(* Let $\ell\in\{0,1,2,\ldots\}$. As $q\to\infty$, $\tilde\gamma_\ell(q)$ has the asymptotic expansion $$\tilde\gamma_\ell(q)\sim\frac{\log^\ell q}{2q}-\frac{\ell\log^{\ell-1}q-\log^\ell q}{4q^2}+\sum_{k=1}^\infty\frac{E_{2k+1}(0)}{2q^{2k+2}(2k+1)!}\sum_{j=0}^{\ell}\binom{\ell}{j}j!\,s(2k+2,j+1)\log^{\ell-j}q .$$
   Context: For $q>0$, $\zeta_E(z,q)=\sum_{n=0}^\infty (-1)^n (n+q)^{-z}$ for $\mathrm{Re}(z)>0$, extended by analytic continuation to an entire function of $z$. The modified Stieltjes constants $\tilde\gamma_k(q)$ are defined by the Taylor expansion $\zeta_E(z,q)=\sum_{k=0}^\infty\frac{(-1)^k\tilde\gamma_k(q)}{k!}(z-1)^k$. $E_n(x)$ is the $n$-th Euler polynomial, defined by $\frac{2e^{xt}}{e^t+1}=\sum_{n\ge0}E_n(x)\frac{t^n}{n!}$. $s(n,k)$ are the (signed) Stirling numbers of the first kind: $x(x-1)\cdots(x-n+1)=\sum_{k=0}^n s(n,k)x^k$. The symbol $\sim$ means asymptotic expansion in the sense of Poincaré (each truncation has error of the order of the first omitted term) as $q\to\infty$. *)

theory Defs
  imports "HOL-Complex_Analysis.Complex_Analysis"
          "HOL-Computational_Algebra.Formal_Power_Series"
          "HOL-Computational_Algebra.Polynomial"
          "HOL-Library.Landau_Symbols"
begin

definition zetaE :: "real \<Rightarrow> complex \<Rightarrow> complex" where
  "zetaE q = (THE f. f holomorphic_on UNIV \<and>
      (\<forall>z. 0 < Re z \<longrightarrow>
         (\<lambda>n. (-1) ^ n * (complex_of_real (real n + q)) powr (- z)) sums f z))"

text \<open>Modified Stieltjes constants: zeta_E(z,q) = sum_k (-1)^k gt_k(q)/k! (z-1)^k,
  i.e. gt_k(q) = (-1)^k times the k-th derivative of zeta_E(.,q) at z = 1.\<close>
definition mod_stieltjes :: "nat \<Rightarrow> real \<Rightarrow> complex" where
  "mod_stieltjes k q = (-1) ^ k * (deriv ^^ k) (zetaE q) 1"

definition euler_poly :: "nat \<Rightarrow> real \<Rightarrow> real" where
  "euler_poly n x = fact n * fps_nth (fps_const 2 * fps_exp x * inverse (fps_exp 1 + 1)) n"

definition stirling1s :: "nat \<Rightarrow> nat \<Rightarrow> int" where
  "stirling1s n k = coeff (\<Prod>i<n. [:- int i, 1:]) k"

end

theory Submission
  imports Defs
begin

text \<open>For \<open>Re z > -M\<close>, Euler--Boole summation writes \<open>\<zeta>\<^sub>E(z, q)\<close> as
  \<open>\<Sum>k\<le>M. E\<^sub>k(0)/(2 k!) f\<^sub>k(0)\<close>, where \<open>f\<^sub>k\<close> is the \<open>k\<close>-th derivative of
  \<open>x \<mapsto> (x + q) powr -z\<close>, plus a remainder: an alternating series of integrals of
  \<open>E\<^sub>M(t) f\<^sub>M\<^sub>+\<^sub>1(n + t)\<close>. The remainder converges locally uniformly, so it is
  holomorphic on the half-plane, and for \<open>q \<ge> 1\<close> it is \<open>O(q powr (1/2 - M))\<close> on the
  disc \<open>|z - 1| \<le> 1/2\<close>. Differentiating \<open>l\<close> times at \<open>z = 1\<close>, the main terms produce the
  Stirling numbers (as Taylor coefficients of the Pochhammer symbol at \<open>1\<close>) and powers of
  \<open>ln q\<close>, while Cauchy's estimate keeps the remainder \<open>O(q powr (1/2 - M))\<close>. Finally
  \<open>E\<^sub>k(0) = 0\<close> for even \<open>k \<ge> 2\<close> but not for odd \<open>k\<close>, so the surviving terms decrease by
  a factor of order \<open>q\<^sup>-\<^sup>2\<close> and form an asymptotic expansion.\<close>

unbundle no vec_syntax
•••••
In the records above, return only the line that contains "uniformly, so it is" and every line after it through the last, exactly as they appear.

■ **RESULT OF THIS TASK**
  \<open>E\<^sub>M(t) f\<^sub>M\<^sub>+\<^sub>1(n + t)\<close>. The remainder converges locally uniformly, so it is
  holomorphic on the half-plane, and for \<open>q \<ge> 1\<close> it is \<open>O(q powr (1/2 - M))\<close> on the
  disc \<open>|z - 1| \<le> 1/2\<close>. Differentiating \<open>l\<close> times at \<open>z = 1\<close>, the main terms produce the
  Stirling numbers (as Taylor coefficients of the Pochhammer symbol at \<open>1\<close>) and powers of
  \<open>ln q\<close>, while Cauchy's estimate keeps the remainder \<open>O(q powr (1/2 - M))\<close>. Finally
  \<open>E\<^sub>k(0) = 0\<close> for even \<open>k \<ge> 2\<close> but not for odd \<open>k\<close>, so the surviving terms decrease by
  a factor of order \<open>q\<^sup>-\<^sup>2\<close> and form an asymptotic expansion.\<close>

unbundle no vec_syntax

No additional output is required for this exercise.